▶ **PROVIDED ENTRIES**:
lemma bell_functional_mult_X: "bell_functional ([:0, 1:] * f) = bell_functional (f \<circ>\<^sub>p [:1, 1:])"
proof -
  have f_eq: "f = (\<Sum>k\<le>degree f. monom (coeff f k) k)"
    by (rule poly_as_sum_of_monoms[symmetric])
  have "bell_functional ([:0, 1:] * f) = (\<Sum>k\<le>degree f. coeff f k * bell_int (Suc k))"
    by (subst f_eq) (simp add: sum_distrib_left bell_functional_sum bell_functional_monom flip: monom_Suc)
  also have "\<dots> = (\<Sum>k\<le>degree f. coeff f k * bell_functional ([:1, 1:] ^ k))"
    by (simp add: bell_functional_linear_power)
  also have "\<dots> = bell_functional (f \<circ>\<^sub>p [:1, 1:])"
    by (subst (2) f_eq) (simp add: monom_altdef pcompose_sum pcompose_smult pcompose_power pcompose_pCons
        bell_functional_sum bell_functional_smult)
  finally show ?thesis .
qed

definition falling_poly :: "nat \<Rightarrow> int poly" where
  "falling_poly j = (\<Prod>i<j. [:- int i, 1:])"

lemma degree_falling_poly [simp]: "degree (falling_poly j) = j"
  by (simp add: falling_poly_def degree_prod_sum_eq)

lemma coeff_falling_poly_self [simp]: "coeff (falling_poly j) j = 1"
  using lead_coeff_prod[of "\<lambda>i. [:- int i, 1:]" "{..<j}"] degree_falling_poly[of j]
  by (simp add: falling_poly_def)

lemma bell_functional_falling_poly_mult:
  "bell_functional (falling_poly j * f) = bell_functional (f \<circ>\<^sub>p [:int j, 1:])"
proof (induction j arbitrary: f)
  case 0
  then show ?case by (simp add: falling_poly_def)
next
  case (Suc j)
  have shift: "[:- int j, 1:] \<circ>\<^sub>p [:int j, 1:] = [:0, 1:]"
    by (simp add: pcompose_pCons)
  have "bell_functional (falling_poly (Suc j) * f) = bell_functional (falling_poly j * ([:- int j, 1:] * f))"
    by (simp add: falling_poly_def algebra_simps)
  also have "\<dots> = bell_functional ([:0, 1:] * (f \<circ>\<^sub>p [:int j, 1:]))"
    by (simp only: Suc.IH pcompose_mult shift)
  also have "\<dots> = bell_functional ((f \<circ>\<^sub>p [:int j, 1:]) \<circ>\<^sub>p [:1, 1:])"
    by (rule bell_functional_mult_X)
  also have "\<dots> = bell_functional (f \<circ>\<^sub>p [:int (Suc j), 1:])"
    by (simp add: pcompose_pCons add.commute flip: pcompose_assoc)
  finally show ?case .
qed

section \<open>Polynomial congruences modulo a prime\<close>

lemma prime_dvd_poly_if_dvd_values:
  fixes g :: "int poly"
  assumes "prime p" "degree g < n" "n \<le> p" "\<And>a. a < n \<Longrightarrow> int p dvd poly g (int a)"
  shows "of_nat p dvd g"
  using assms(2-4)
proof (induction n arbitrary: g)
  case 0
  then show ?case by simp
next
  case (Suc n)
  define h where "h = synthetic_div g (int n)"
  have g_eq: "g = [:- int n, 1:] * h + [:poly g (int n):]"
    unfolding h_def by (rule synthetic_div_correct'[symmetric])
  have "of_nat p dvd h"
  proof (cases "degree g = 0")
    case True
    then have "h = 0"
      by (simp add: h_def synthetic_div_eq_0_iff)
    then show ?thesis by simp
  next
    case False
    have "int p dvd poly h (int a)" if "a < n" for a
    proof -
      have "poly g (int a) = (int a - int n) * poly h (int a) + poly g (int n)"
        by (subst g_eq) (simp add: algebra_simps)
      then have "int p dvd (int a - int n) * poly h (int a)"
        using Suc.prems(3)[of a] Suc.prems(3)[of n] that by (metis add_diff_cancel_right' dvd_diff less_SucI lessI)
      moreover have "\<not> int p dvd (int a - int n)"
      proof
        assume "int p dvd (int a - int n)"
        then have "int p dvd (int n - int a)"
          by (simp add: dvd_diff_commute)
        then show False
          using zdvd_not_zless[of "int n - int a" "int p"] that Suc.prems(2) by simp
      qed
      ultimately show ?thesis
        using assms(1) by (simp add: prime_dvd_mult_iff)
    qed
    moreover have "degree h < n"
      using False Suc.prems(1) by (simp add: h_def degree_synthetic_div)
    ultimately show ?thesis
      using Suc.IH Suc.prems(2) by simp
  qed
  moreover have "of_nat p dvd [:poly g (int n):]"
    using Suc.prems(3)[of n] by (simp add: of_nat_poly)
  ultimately show ?case
    by (subst g_eq) (intro dvd_add dvd_mult)
qed

lemma prime_dvd_power_add_diff:
  fixes a b :: "'a :: comm_ring_1"
  assumes "prime p"
  shows "of_nat p dvd (a + b) ^ p - (a ^ p + b ^ p)"
proof -
  define T where "T k = of_nat (p choose k) * a ^ k * b ^ (p - k)" for k
  have "p \<noteq> 0"
    using assms by auto
  then have "{..p} = insert 0 (insert p {1..<p})"
    by auto
  then have "(a + b) ^ p = T 0 + T p + (\<Sum>k\<in>{1..<p}. T k)"
    using \<open>p \<noteq> 0\<close> by (simp add: binomial_ring T_def)
  moreover have "of_nat p dvd (\<Sum>k\<in>{1..<p}. T k)"
  proof (rule dvd_sum)
    fix k assume "k \<in> {1..<p}"
    then have "p dvd p choose k"
      using assms by (intro dvd_choose_prime) auto
    then obtain q where "p choose k = p * q" ..
    then show "of_nat p dvd T k"
      by (simp add: T_def mult.assoc)
  qed
  ultimately show ?thesis
    by (simp add: T_def)
qed

lemma fermat_little_int:
  fixes c :: int
  assumes "prime p"
  shows "[c ^ p = c] (mod int p)"
proof -
  have nat_case: "[int a ^ p = int a] (mod int p)" for a :: nat
  proof (induction a)
    case 0
    then show ?case
      using assms by (simp add: zero_power prime_gt_0_nat)
  next
    case (Suc a)
    have "[(int a + 1) ^ p = int a ^ p + 1] (mod int p)"
      using prime_dvd_power_add_diff[OF assms, of "int a" 1] by (simp add: cong_iff_dvd_diff)
    moreover have "[int a ^ p + 1 = int a + 1] (mod int p)"
      using Suc.IH by (rule cong_add) simp
    ultimately show ?case
      by (simp add: cong_trans add.commute)
  qed
  have "[c = int (nat (c mod int p))] (mod int p)"
    using assms by (simp add: prime_gt_0_nat cong_sym)
  then show ?thesis
    using nat_case by (metis cong_pow cong_sym cong_trans)
qed

lemma falling_poly_prime_cong:
  assumes "prime p"
  shows "of_nat p dvd [:0, 1:] ^ p - (falling_poly p + [:0, 1:])"
proof (rule prime_dvd_poly_if_dvd_values[OF assms _ order.refl])
  have "p \<ge> 2"
    using assms by (rule prime_ge_2_nat)
  have X_power: "[:0, 1:] ^ p = (monom 1 p :: int poly)"
    by (simp add: monom_altdef)
  show "degree ([:0, 1:] ^ p - (falling_poly p + [:0, 1:])) < p"
  proof (rule degree_lessI)
    show "\<forall>k\<ge>p. coeff ([:0, 1:] ^ p - (falling_poly p + [:0, 1:])) k = 0"
    proof (intro allI impI)
      fix k assume "p \<le> k"
      then show "coeff ([:0, 1:] ^ p - (falling_poly p + [:0, 1:])) k = 0"
        using \<open>p \<ge> 2\<close> by (cases "k = p") (simp_all add: X_power coeff_eq_0 coeff_pCons')
    qed
  qed (use \<open>p \<ge> 2\<close> in simp)
  show "int p dvd poly ([:0, 1:] ^ p - (falling_poly p + [:0, 1:])) (int a)" if "a < p" for a
  proof -
    have "poly (falling_poly p) (int a) = 0"
      using that by (auto simp: falling_poly_def poly_prod)
    then show ?thesis
      using fermat_little_int[OF assms, of "int a"] by (simp add: cong_iff_dvd_diff)
  qed
qed

section \<open>Touchard's congruence and its iterates\<close>

definition bell_cong :: "nat \<Rightarrow> int poly \<Rightarrow> int poly \<Rightarrow> bool" where
  "bell_cong p f g \<longleftrightarrow> (\<forall>h. [bell_functional (f * h) = bell_functional (g * h)] (mod int p))"

lemma bell_cong_refl [simp]: "bell_cong p f f"
  by (simp add: bell_cong_def)

lemma bell_cong_bell_functional:
  "bell_cong p f g \<Longrightarrow> [bell_functional f = bell_functional g] (mod int p)"
  unfolding bell_cong_def by (metis mult_1_right)

lemma bell_cong_trans [trans]: "bell_cong p f g \<Longrightarrow> bell_cong p g h \<Longrightarrow> bell_cong p f h"
  unfolding bell_cong_def by (blast intro: cong_trans)

lemma bell_cong_add:
  "bell_cong p f1 g1 \<Longrightarrow> bell_cong p f2 g2 \<Longrightarrow> bell_cong p (f1 + f2) (g1 + g2)"
  unfolding bell_cong_def by (simp add: distrib_right bell_functional_add cong_add)

lemma bell_cong_mult:
  assumes "bell_cong p f1 g1" "bell_cong p f2 g2"
  shows "bell_cong p (f1 * f2) (g1 * g2)"
  unfolding bell_cong_def
proof
  fix h
  have "[bell_functional (f1 * (f2 * h)) = bell_functional (g1 * (f2 * h))] (mod int p)"
    using assms(1) by (simp add: bell_cong_def)
  moreover have "[bell_functional (f2 * (g1 * h)) = bell_functional (g2 * (g1 * h))] (mod int p)"
    using assms(2) by (simp add: bell_cong_def)
  ultimately show "[bell_functional (f1 * f2 * h) = bell_functional (g1 * g2 * h)] (mod int p)"
    by (metis cong_trans mult.assoc mult.left_commute)
qed

lemma bell_cong_power: "bell_cong p f g \<Longrightarrow> bell_cong p (f ^ n) (g ^ n)"
  by (induction n) (simp_all add: bell_cong_mult)

lemma bell_cong_prod:
  "(\<And>i. i \<in> A \<Longrightarrow> bell_cong p (f i) (g i)) \<Longrightarrow> bell_cong p (\<Prod>i\<in>A. f i) (\<Prod>i\<in>A. g i)"
  by (induction A rule: infinite_finite_induct) (simp_all add: bell_cong_mult)

lemma bell_cong_pcompose: "bell_cong p q1 q2 \<Longrightarrow> bell_cong p (f \<circ>\<^sub>p q1) (f \<circ>\<^sub>p q2)"
  by (induction f) (simp_all add: pcompose_pCons bell_cong_add bell_cong_mult)

lemma bell_cong_if_dvd:
  assumes "of_nat p dvd f - g"
  shows "bell_cong p f g"
  unfolding bell_cong_def
proof
  fix h
  obtain q where "f - g = of_nat p * q"
    using assms ..
  then have "f * h = g * h + smult (int p) (q * h)"
    by (simp add: of_nat_poly algebra_simps)
  then show "[bell_functional (f * h) = bell_functional (g * h)] (mod int p)"
    by (simp add: bell_functional_add bell_functional_smult cong_iff_dvd_diff)
qed

lemma bell_cong_linear: "[a = b] (mod int p) \<Longrightarrow> bell_cong p [:a, 1:] [:b, 1:]"
  by (rule bell_cong_if_dvd) (simp add: of_nat_poly cong_iff_dvd_diff)

lemma bell_cong_falling_poly: "bell_cong p (falling_poly p) 1"
  unfolding bell_cong_def
proof
  fix h
  have "[bell_functional (h \<circ>\<^sub>p [:int p, 1:]) = bell_functional (h \<circ>\<^sub>p [:0, 1:])] (mod int p)"
    by (intro bell_cong_bell_functional bell_cong_pcompose bell_cong_linear) (simp add: cong_def)
  then show "[bell_functional (falling_poly p * h) = bell_functional (1 * h)] (mod int p)"
    by (simp add: bell_functional_falling_poly_mult)
qed

theorem touchard_bell_cong:
  assumes "prime p"
  shows "bell_cong p ([:0, 1:] ^ p) [:1, 1:]"
proof -
  have "bell_cong p ([:0, 1:] ^ p) (falling_poly p + [:0, 1:])"
    using falling_poly_prime_cong[OF assms] by (rule bell_cong_if_dvd)
  also have "bell_cong p \<dots> (1 + [:0, 1:])"
    by (intro bell_cong_add bell_cong_falling_poly bell_cong_refl)
  also have "1 + [:0, 1:] = ([:1, 1:] :: int poly)"
    by (simp add: one_pCons)
  finally show ?thesis .
qed

lemma bell_cong_linear_power_prime:
  assumes "prime p"
  shows "bell_cong p ([:c, 1:] ^ p) [:c + 1, 1:]"
proof -
  have "bell_cong p ([:c, 1:] ^ p) ([:0, 1:] ^ p + [:c:] ^ p)"
    using prime_dvd_power_add_diff[OF assms, of "[:0, 1:]" "[:c:]"] by (simp add: bell_cong_if_dvd)
  also have "bell_cong p \<dots> ([:0, 1:] ^ p + [:c:])"
    using fermat_little_int[OF assms, of c]
    by (intro bell_cong_add bell_cong_refl bell_cong_if_dvd)
      (simp add: of_nat_poly poly_const_pow cong_iff_dvd_diff)
  also have "bell_cong p \<dots> ([:1, 1:] + [:c:])"
    by (intro bell_cong_add touchard_bell_cong assms bell_cong_refl)
  finally show ?thesis
    by (simp add: add.commute)
qed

▶ **EXERCISE INSTRUCTIONS**: Each line from the top of the data, up to and including the line that contains "by (simp add: pcompose_pCons)", should be set down exactly.

▶ **RESPONSE TO THE TASK**:
lemma bell_functional_mult_X: "bell_functional ([:0, 1:] * f) = bell_functional (f \<circ>\<^sub>p [:1, 1:])"
proof -
  have f_eq: "f = (\<Sum>k\<le>degree f. monom (coeff f k) k)"
    by (rule poly_as_sum_of_monoms[symmetric])
  have "bell_functional ([:0, 1:] * f) = (\<Sum>k\<le>degree f. coeff f k * bell_int (Suc k))"
    by (subst f_eq) (simp add: sum_distrib_left bell_functional_sum bell_functional_monom flip: monom_Suc)
  also have "\<dots> = (\<Sum>k\<le>degree f. coeff f k * bell_functional ([:1, 1:] ^ k))"
    by (simp add: bell_functional_linear_power)
  also have "\<dots> = bell_functional (f \<circ>\<^sub>p [:1, 1:])"
    by (subst (2) f_eq) (simp add: monom_altdef pcompose_sum pcompose_smult pcompose_power pcompose_pCons
        bell_functional_sum bell_functional_smult)
  finally show ?thesis .
qed

definition falling_poly :: "nat \<Rightarrow> int poly" where
  "falling_poly j = (\<Prod>i<j. [:- int i, 1:])"

lemma degree_falling_poly [simp]: "degree (falling_poly j) = j"
  by (simp add: falling_poly_def degree_prod_sum_eq)

lemma coeff_falling_poly_self [simp]: "coeff (falling_poly j) j = 1"
  using lead_coeff_prod[of "\<lambda>i. [:- int i, 1:]" "{..<j}"] degree_falling_poly[of j]
  by (simp add: falling_poly_def)

lemma bell_functional_falling_poly_mult:
  "bell_functional (falling_poly j * f) = bell_functional (f \<circ>\<^sub>p [:int j, 1:])"
proof (induction j arbitrary: f)
  case 0
  then show ?case by (simp add: falling_poly_def)
next
  case (Suc j)
  have shift: "[:- int j, 1:] \<circ>\<^sub>p [:int j, 1:] = [:0, 1:]"
    by (simp add: pcompose_pCons)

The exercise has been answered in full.